*** PROVIDED INFORMATION Section Begins ***
lemma card_disagreements_isolate_atom:
  "card (disagreements V E' (isolate P K)) + 2 * card minus_pairs
     = card (disagreements V E' P) + 2 * card plus_pairs"
proof -
  have K_V: "K \<subseteq> V"
    using K_subset C_subset by blast
  have cut: "{(x, y) \<in> K \<times> (V - K). same_cluster P x y \<and> E' x y = b}
      = {(x, y) \<in> K \<times> (C - K). E' x y = b}" for b
    using same_cluster_C K_subset C_subset by blast
  have join: "{(x, y) \<in> K \<times> K. \<not> same_cluster P x y \<and> E' x y = b} = {}" for b
    using same_cluster_C K_subset by blast
  show ?thesis
    using card_disagreements_isolate[where F = E', OF finite_V mod_E_sym P_partition K_V]
    unfolding cut join plus_pairs_def minus_pairs_def by simp
qed

lemma merged_in_cluster:
  assumes "x \<in> C"
  shows "merged P x"
proof (cases "x \<in> K")
  case True
  obtain w where "w \<in> C - K"
    using atom_psubset by blast
  then show ?thesis
    unfolding merged_def using same_cluster_C(1)[OF assms] C_subset atom_eq_atom[OF u_in_V True] by auto
next
  case False
  have "x \<in> V"
    using assms C_subset by blast
  then have "u \<notin> atom x"
    using False atom_eq_atom mem_atom by metis
  then show ?thesis
    unfolding merged_def using same_cluster_C(1)[OF assms] K_subset mem_atom u_in_V by blast
qed

lemma merged_isolateD:
  assumes "merged (isolate P K) x"
  shows "x \<notin> K" "merged P x"
proof -
  obtain w where w: "w \<in> V" "same_cluster (isolate P K) x w" "w \<notin> atom x"
    using assms unfolding merged_def by blast
  show "x \<notin> K"
  proof
    assume "x \<in> K"
    then show False
      using w same_cluster_isolate atom_eq_atom[OF u_in_V] by metis
  qed
  then show "merged P x"
    using w unfolding merged_def same_cluster_isolate by blast
qed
*** PROVIDED INFORMATION Section Ends ***
### WORK TO BE COMPLETED:
Extract all of the data above without altering anything.

### OUTPUT FOR THIS TASK:
lemma card_disagreements_isolate_atom:
  "card (disagreements V E' (isolate P K)) + 2 * card minus_pairs
     = card (disagreements V E' P) + 2 * card plus_pairs"
proof -
  have K_V: "K \<subseteq> V"
    using K_subset C_subset by blast
  have cut: "{(x, y) \<in> K \<times> (V - K). same_cluster P x y \<and> E' x y = b}
      = {(x, y) \<in> K \<times> (C - K). E' x y = b}" for b
    using same_cluster_C K_subset C_subset by blast
  have join: "{(x, y) \<in> K \<times> K. \<not> same_cluster P x y \<and> E' x y = b} = {}" for b
    using same_cluster_C K_subset by blast
  show ?thesis
    using card_disagreements_isolate[where F = E', OF finite_V mod_E_sym P_partition K_V]
    unfolding cut join plus_pairs_def minus_pairs_def by simp
qed

lemma merged_in_cluster:
  assumes "x \<in> C"
  shows "merged P x"
proof (cases "x \<in> K")
  case True
  obtain w where "w \<in> C - K"
    using atom_psubset by blast
  then show ?thesis
    unfolding merged_def using same_cluster_C(1)[OF assms] C_subset atom_eq_atom[OF u_in_V True] by auto
next
  case False
  have "x \<in> V"
    using assms C_subset by blast
  then have "u \<notin> atom x"
    using False atom_eq_atom mem_atom by metis
  then show ?thesis
    unfolding merged_def using same_cluster_C(1)[OF assms] K_subset mem_atom u_in_V by blast
qed

lemma merged_isolateD:
  assumes "merged (isolate P K) x"
  shows "x \<notin> K" "merged P x"
proof -
  obtain w where w: "w \<in> V" "same_cluster (isolate P K) x w" "w \<notin> atom x"
    using assms unfolding merged_def by blast
  show "x \<notin> K"
  proof
    assume "x \<in> K"
    then show False
      using w same_cluster_isolate atom_eq_atom[OF u_in_V] by metis
  qed
  then show "merged P x"
    using w unfolding merged_def same_cluster_isolate by blast
qed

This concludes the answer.